Трудно переоценить искусство Друниной. Строфы ее точно высечены на граните: они неподвластны времени и будут востребованы всегда. Они просты, но поразительно действенны, рождая эффект приобщенности. И словно слышат читатели канонаду, и дым тех пожаров будто ест им глаза.
Но яркой лирики, не связанной с боями, не лишены и ее военные стихи. В них и песнь ветров о цветущих садах, и бурлящая весна («Зинка»). О благе мирной жизни гласит все это, как и о мастерстве поэтессы.
Слог ее лаконичен, но удивительно емкими являются стихи. Возьмем строфу:
Качается рожь несжатая.
Шагают бойцы по ней.
Шагаем и мы – девчата,
Похожие на парней.
Четыре лишь строчки – но в них сразу несколько бед: урожай не будет убран, хлеб на корню попирают ногами, и это гнетущее шествие вопреки естеству…

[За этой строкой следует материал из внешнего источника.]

lemma hopf_pairing_taylor_remainder:
  assumes \<theta>: "rapidly_decreasing \<theta>" and \<psi>: "schwartz \<psi>" and \<epsilon>: "0 < \<epsilon>"
    and B: "\<And>c h. \<bar>\<psi> (c + h) - (\<Sum>k<N. (deriv ^^ k) \<psi> c / fact k * h ^ k)\<bar> \<le> B * \<bar>h\<bar> ^ N"
  shows "\<bar>hopf_pairing (shock_wave \<theta> h0 dh a) \<psi> t \<epsilon> -
      (\<Sum>k<N. (deriv ^^ k) \<psi> (a * t) / fact k * integral UNIV (\<lambda>y. y ^ k * hopf_density \<theta> h0 dh a y) * \<epsilon> ^ k)\<bar>
    \<le> B * integral UNIV (\<lambda>y. \<bar>y ^ N * hopf_density \<theta> h0 dh a y\<bar>) * \<epsilon> ^ N"
    (is "\<bar>?I - ?S\<bar> \<le> B * ?M * \<epsilon> ^ N")
proof -
  let ?D = "hopf_density \<theta> h0 dh a"
  define p where "p y = (\<Sum>k<N. (deriv ^^ k) \<psi> (a * t) / fact k * (\<epsilon> * y) ^ k)" for y
  have D: "\<And>k. rapidly_decreasing (\<lambda>y. y ^ k * ?D y)"
    using rapidly_decreasing_hopf_density[OF \<theta>] .
  have "((\<lambda>y. ?D y * \<psi> (a * t + \<epsilon> * y)) has_integral ?I) UNIV"
    unfolding hopf_pairing_shock_wave[OF \<theta> \<psi> \<epsilon>] using D[of 0]
    by (intro rapidly_decreasing_has_integral rapidly_decreasing_mult_schwartz_affine \<psi>) simp
  from has_integral_diff[OF this has_integral_mult_polynomial[OF D]]
  have remainder: "((\<lambda>y. ?D y * (\<psi> (a * t + \<epsilon> * y) - p y)) has_integral ?I - ?S) UNIV"
    unfolding p_def right_diff_distrib .
  have majorant: "((\<lambda>y. B * \<epsilon> ^ N * \<bar>y ^ N * ?D y\<bar>) has_integral B * \<epsilon> ^ N * ?M) UNIV"
    by (intro has_integral_mult_right rapidly_decreasing_has_integral rapidly_decreasing_abs D)
  have "norm (?D y * (\<psi> (a * t + \<epsilon> * y) - p y)) \<le> B * \<epsilon> ^ N * \<bar>y ^ N * ?D y\<bar>" for y
  proof -
    have "norm (?D y * (\<psi> (a * t + \<epsilon> * y) - p y)) \<le> \<bar>?D y\<bar> * (B * \<bar>\<epsilon> * y\<bar> ^ N)"
      unfolding real_norm_def abs_mult p_def using B[of "a * t" "\<epsilon> * y"]
      by (intro mult_left_mono) (auto simp: abs_mult)
    also have "\<dots> = B * \<epsilon> ^ N * \<bar>y ^ N * ?D y\<bar>"
      using \<epsilon> by (simp add: abs_mult power_abs power_mult_distrib)
    finally show ?thesis .
  qed
  then have "norm (?I - ?S) \<le> B * \<epsilon> ^ N * ?M"
    using has_integral_norm_bound_integral_component[where k = "1::real", OF remainder majorant] by simp
  then show ?thesis by (simp add: mult_ac)
qed

lemma has_asymp_expansion_hopf_pairing:
  assumes \<theta>: "rapidly_decreasing \<theta>" and \<psi>: "schwartz \<psi>"
  shows "has_asymp_expansion (hopf_pairing (shock_wave \<theta> h0 dh a) \<psi> t)
      (\<lambda>k. (deriv ^^ k) \<psi> (a * t) / fact k * integral UNIV (\<lambda>y. y ^ k * hopf_density \<theta> h0 dh a y))"
  unfolding has_asymp_expansion_def
proof
  fix N
  obtain B where B: "\<And>c h. \<bar>\<psi> (c + h) - (\<Sum>k<N. (deriv ^^ k) \<psi> c / fact k * h ^ k)\<bar> \<le> B * \<bar>h\<bar> ^ N"
    using schwartz_taylor_remainder_bound[OF \<psi>] by blast
  let ?M = "integral UNIV (\<lambda>y. \<bar>y ^ N * hopf_density \<theta> h0 dh a y\<bar>)"
  have "eventually (\<lambda>\<epsilon>::real. 0 < \<epsilon>) (at_right 0)"
    by (simp add: eventually_at_right_less)
  then show "(\<lambda>\<epsilon>. hopf_pairing (shock_wave \<theta> h0 dh a) \<psi> t \<epsilon> - (\<Sum>k<N. (deriv ^^ k) \<psi> (a * t) / fact k *
      integral UNIV (\<lambda>y. y ^ k * hopf_density \<theta> h0 dh a y) * \<epsilon> ^ k)) \<in> O[at_right 0](\<lambda>\<epsilon>. \<epsilon> ^ N)"
  proof (intro bigoI[where c = "B * ?M"], eventually_elim)
    case (elim \<epsilon>)
    then have "\<bar>\<epsilon> ^ N\<bar> = \<epsilon> ^ N" by simp
    with hopf_pairing_taylor_remainder[OF \<theta> \<psi> \<open>0 < \<epsilon>\<close> B] show ?case
      by (simp only: real_norm_def)
  qed
qed

lemma tendsto_integral_mult_exp_scaled:
  assumes g: "rapidly_decreasing g"
  shows "((\<lambda>\<epsilon>. integral UNIV (\<lambda>y. g y * exp (- (\<epsilon> * y)\<^sup>2))) \<longlongrightarrow> integral UNIV g) (at_right 0)"
proof -
  let ?M = "integral UNIV (\<lambda>y. \<bar>y\<^sup>2 * g y\<bar>)"
  have bound: "norm (integral UNIV (\<lambda>y. g y * exp (- (\<epsilon> * y)\<^sup>2)) - integral UNIV g) \<le> ?M * \<epsilon>\<^sup>2" for \<epsilon>
  proof -
    have "((\<lambda>y. g y * exp (- (\<epsilon> * y)\<^sup>2)) has_integral integral UNIV (\<lambda>y. g y * exp (- (\<epsilon> * y)\<^sup>2))) UNIV"
      by (intro rapidly_decreasing_has_integral rapidly_decreasing_mult_bounded(2)[OF g, of _ 1]
          continuous_on_exp continuous_on_minus continuous_on_power continuous_on_mult
          continuous_on_const continuous_on_id) simp
    from has_integral_diff[OF this rapidly_decreasing_has_integral[OF g]]
    have difference: "((\<lambda>y. g y * (exp (- (\<epsilon> * y)\<^sup>2) - 1)) has_integral
        integral UNIV (\<lambda>y. g y * exp (- (\<epsilon> * y)\<^sup>2)) - integral UNIV g) UNIV"
      by (simp add: right_diff_distrib)
    have majorant: "((\<lambda>y. \<epsilon>\<^sup>2 * \<bar>y\<^sup>2 * g y\<bar>) has_integral \<epsilon>\<^sup>2 * ?M) UNIV"
      by (intro has_integral_mult_right rapidly_decreasing_has_integral rapidly_decreasing_abs
          rapidly_decreasing_mult_power g)
    have "norm (g y * (exp (- (\<epsilon> * y)\<^sup>2) - 1)) \<le> \<epsilon>\<^sup>2 * \<bar>y\<^sup>2 * g y\<bar>" for y
    proof -
      have "1 - (\<epsilon> * y)\<^sup>2 \<le> exp (- (\<epsilon> * y)\<^sup>2)" "exp (- (\<epsilon> * y)\<^sup>2) \<le> 1"
        using exp_ge_add_one_self[of "- (\<epsilon> * y)\<^sup>2"] by simp_all
      then have "\<bar>exp (- (\<epsilon> * y)\<^sup>2) - 1\<bar> \<le> (\<epsilon> * y)\<^sup>2" by linarith
      then have "\<bar>g y\<bar> * \<bar>exp (- (\<epsilon> * y)\<^sup>2) - 1\<bar> \<le> \<bar>g y\<bar> * (\<epsilon> * y)\<^sup>2"
        by (intro mult_left_mono) auto
      then show ?thesis by (simp add: abs_mult power_mult_distrib mult_ac)
    qed
    then show ?thesis
      using has_integral_norm_bound_integral_component[where k = "1::real", OF difference majorant]
      by (simp add: mult.commute)
  qed
  have "((\<lambda>\<epsilon>. ?M * \<epsilon>\<^sup>2) \<longlongrightarrow> ?M * 0\<^sup>2) (at_right (0::real))"
    by (intro tendsto_mult_left tendsto_power tendsto_ident_at)
  then have "((\<lambda>\<epsilon>. ?M * \<epsilon>\<^sup>2) \<longlongrightarrow> 0) (at_right (0::real))" by simp
  with always_eventually[OF allI[OF bound]]
  have "((\<lambda>\<epsilon>. integral UNIV (\<lambda>y. g y * exp (- (\<epsilon> * y)\<^sup>2)) - integral UNIV g) \<longlongrightarrow> 0)
      (at_right 0)"
    by (rule Lim_null_comparison)
  then show ?thesis by (simp add: LIM_zero_iff)
qed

Нет сомнений: рассказ о СССР будет неполным без ее проникновенных стихов, извлеченных из глубины сердца, особенно тех, что создавались в тяжкую годину.
Поэты уходят в вечность
С окончанием перестройки и началом развала страны поэтесса поняла: идеалы ее рушатся. И 21 ноября 1991 года покончила с собой, объяснив своим близким: «…почему ухожу? По-моему, оставаться в этом ужасном, передравшемся, созданном для дельцов с железными локтями мире такому несовершенному существу, как я, можно, только имея крепкий личный тыл…» Мужа, любимого ею, уже не было в живых. Она действительно многое потеряла, болезненно чувствуя свое одиночество, не веря в завтрашний день.
Восьмого декабря того же года было подписано Беловежское соглашение о роспуске СССР. Но боль от этой утраты Друнину миновала.
По мнению внучки ее Александры Липатниковой, «она была… глубоко советским человеком…» А ценности ее советской юности, за которые она воевала, которым посвятила свою жизнь, уже вовсю попирались.
Сказался и творческий кризис, испытанный поэтессой, и новое отношение к фронтовикам, ставшее менее уважительным.
Друнина вновь не пощадила себя.
Шагнула в вечность.
Остается одно: возложить цветок на ее могилу – пламенно-красную гвоздику.